> _What you should do_
Each line of the listing that includes the string "also" needs to be located and copied.
------------------------------------
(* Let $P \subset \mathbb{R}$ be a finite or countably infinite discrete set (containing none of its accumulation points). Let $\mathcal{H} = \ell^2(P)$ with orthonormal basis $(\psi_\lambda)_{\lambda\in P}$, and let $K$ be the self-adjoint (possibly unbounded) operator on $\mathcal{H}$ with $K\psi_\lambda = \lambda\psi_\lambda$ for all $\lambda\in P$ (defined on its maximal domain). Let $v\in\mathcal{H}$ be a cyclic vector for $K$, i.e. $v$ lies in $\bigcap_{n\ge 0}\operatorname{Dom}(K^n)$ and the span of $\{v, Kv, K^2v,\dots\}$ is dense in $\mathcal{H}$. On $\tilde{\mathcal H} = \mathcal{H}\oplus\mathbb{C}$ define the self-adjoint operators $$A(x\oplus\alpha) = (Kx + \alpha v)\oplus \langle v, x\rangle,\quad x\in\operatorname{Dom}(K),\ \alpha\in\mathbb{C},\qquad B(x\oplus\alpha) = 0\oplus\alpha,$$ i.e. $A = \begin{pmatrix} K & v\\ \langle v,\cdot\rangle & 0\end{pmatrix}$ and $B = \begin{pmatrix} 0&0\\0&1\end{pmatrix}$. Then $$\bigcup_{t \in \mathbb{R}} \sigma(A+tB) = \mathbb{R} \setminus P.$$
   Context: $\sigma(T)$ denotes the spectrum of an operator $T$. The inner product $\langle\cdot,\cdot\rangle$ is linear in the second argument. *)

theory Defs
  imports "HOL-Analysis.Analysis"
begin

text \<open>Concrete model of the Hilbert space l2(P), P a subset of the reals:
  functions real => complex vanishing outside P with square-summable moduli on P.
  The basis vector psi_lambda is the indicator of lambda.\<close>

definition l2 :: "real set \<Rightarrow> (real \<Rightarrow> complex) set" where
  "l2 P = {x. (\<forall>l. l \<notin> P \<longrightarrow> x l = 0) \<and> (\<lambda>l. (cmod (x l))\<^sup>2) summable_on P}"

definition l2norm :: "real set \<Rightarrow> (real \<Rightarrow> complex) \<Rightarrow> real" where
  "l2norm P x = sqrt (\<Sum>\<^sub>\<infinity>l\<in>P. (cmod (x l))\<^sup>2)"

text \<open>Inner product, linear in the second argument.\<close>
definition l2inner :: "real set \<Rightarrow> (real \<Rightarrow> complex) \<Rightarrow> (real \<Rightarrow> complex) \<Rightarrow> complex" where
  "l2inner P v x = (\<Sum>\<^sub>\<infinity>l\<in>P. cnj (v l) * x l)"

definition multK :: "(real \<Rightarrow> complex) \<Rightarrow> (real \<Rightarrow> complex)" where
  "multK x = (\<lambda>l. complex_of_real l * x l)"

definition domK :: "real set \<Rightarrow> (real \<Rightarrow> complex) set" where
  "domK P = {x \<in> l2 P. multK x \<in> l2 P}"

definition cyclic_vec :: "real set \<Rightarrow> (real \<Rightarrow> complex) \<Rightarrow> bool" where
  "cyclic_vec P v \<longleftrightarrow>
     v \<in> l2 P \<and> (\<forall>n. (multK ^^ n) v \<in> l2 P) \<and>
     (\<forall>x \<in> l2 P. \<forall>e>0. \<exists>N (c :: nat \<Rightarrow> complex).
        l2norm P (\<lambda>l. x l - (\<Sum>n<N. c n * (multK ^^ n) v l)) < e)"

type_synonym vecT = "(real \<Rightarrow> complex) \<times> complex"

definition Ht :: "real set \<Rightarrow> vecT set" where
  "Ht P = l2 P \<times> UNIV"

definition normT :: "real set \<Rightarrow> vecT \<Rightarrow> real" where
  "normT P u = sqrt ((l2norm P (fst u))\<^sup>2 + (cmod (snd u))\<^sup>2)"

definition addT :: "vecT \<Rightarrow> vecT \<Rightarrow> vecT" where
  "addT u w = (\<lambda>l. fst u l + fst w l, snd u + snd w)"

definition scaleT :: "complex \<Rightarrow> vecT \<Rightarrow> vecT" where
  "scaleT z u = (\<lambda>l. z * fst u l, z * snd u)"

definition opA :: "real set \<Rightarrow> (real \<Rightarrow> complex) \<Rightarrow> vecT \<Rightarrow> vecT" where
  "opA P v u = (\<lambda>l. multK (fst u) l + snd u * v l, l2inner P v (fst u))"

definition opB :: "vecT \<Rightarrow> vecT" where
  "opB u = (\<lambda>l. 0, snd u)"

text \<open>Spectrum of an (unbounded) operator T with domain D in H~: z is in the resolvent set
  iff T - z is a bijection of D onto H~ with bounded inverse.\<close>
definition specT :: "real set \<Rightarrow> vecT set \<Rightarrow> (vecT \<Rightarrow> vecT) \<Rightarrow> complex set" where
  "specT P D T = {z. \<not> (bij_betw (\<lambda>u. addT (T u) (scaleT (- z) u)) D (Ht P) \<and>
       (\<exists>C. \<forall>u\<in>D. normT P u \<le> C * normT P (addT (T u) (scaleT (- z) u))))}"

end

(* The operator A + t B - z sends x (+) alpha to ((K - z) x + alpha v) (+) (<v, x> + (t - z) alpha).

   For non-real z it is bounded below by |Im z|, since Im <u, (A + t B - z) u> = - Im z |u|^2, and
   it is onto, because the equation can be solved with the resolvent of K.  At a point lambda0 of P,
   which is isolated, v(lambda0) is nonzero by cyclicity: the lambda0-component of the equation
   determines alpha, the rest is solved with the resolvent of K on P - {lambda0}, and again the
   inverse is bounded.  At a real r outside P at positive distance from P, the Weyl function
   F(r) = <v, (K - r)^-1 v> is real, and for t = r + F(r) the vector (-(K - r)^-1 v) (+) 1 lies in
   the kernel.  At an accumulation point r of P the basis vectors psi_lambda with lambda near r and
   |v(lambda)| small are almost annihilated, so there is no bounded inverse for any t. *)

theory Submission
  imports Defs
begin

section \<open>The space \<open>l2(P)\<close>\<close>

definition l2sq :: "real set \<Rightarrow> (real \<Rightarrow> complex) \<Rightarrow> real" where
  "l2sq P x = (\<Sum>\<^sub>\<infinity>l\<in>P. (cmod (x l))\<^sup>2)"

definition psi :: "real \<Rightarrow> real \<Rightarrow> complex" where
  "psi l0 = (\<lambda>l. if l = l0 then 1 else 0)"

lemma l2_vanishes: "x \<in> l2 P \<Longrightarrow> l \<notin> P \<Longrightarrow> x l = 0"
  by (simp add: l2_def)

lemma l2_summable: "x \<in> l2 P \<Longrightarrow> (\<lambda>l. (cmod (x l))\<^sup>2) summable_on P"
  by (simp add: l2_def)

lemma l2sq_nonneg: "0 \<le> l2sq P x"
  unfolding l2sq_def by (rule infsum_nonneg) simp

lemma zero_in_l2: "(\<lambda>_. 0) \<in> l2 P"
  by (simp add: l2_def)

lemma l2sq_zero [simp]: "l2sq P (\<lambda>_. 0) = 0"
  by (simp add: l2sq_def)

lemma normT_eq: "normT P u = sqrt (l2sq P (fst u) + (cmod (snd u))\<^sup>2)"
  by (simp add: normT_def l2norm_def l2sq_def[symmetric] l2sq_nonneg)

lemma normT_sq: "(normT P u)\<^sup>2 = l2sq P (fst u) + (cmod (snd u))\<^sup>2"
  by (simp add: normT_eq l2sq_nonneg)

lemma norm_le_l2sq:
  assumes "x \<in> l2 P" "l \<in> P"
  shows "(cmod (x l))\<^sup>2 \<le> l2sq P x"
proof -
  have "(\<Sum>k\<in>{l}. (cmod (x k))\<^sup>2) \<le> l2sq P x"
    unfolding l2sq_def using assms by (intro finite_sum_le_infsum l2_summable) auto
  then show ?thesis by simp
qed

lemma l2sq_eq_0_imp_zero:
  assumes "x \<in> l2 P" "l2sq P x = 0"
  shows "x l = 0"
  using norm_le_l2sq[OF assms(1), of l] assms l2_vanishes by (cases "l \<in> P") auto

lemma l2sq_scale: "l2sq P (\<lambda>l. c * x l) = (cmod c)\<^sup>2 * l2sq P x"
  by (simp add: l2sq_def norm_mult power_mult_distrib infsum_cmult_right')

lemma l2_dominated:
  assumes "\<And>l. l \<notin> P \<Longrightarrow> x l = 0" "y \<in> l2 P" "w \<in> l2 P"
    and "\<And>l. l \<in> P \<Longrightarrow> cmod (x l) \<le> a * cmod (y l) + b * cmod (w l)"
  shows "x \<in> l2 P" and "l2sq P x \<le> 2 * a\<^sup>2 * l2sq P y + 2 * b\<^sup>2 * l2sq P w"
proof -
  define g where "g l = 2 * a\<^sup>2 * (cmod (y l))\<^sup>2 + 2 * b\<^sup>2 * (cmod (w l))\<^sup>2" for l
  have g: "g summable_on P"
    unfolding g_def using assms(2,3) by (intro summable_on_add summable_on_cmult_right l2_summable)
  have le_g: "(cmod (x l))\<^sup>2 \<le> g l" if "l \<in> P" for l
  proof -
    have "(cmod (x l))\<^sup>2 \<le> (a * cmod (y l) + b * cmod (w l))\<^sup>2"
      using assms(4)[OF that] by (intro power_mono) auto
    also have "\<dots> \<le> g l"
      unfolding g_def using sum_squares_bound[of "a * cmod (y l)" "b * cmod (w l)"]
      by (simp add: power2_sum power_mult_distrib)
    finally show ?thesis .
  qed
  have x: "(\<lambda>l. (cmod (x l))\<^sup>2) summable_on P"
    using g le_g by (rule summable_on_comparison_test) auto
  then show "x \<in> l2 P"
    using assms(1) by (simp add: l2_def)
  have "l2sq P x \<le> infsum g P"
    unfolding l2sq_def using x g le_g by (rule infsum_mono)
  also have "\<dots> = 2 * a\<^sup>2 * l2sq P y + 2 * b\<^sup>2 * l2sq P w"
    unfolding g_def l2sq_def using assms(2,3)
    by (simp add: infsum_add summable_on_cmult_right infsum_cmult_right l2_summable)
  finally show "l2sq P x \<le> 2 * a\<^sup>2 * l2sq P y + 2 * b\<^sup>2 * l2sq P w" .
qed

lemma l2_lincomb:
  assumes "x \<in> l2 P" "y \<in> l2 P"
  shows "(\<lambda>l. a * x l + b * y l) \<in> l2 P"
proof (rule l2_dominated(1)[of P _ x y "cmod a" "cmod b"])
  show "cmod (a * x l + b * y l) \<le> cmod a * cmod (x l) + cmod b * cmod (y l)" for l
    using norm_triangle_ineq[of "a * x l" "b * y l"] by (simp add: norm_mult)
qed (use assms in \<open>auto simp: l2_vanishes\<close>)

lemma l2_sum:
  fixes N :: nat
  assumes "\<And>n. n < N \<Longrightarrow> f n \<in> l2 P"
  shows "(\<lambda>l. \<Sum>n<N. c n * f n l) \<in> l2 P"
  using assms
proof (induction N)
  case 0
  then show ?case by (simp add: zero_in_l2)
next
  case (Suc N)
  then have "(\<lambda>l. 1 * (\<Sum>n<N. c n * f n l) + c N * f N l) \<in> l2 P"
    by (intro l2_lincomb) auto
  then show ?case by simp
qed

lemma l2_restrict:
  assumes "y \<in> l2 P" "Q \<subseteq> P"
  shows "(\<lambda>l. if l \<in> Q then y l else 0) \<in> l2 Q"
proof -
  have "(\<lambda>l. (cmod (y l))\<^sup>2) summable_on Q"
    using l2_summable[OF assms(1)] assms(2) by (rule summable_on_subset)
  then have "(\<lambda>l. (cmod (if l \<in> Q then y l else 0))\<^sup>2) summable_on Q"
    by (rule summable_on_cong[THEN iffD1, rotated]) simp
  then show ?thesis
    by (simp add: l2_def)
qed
------------------------------------
> _Response_
    also have "\<dots> \<le> g l"
  also have "\<dots> = 2 * a\<^sup>2 * l2sq P y + 2 * b\<^sup>2 * l2sq P w"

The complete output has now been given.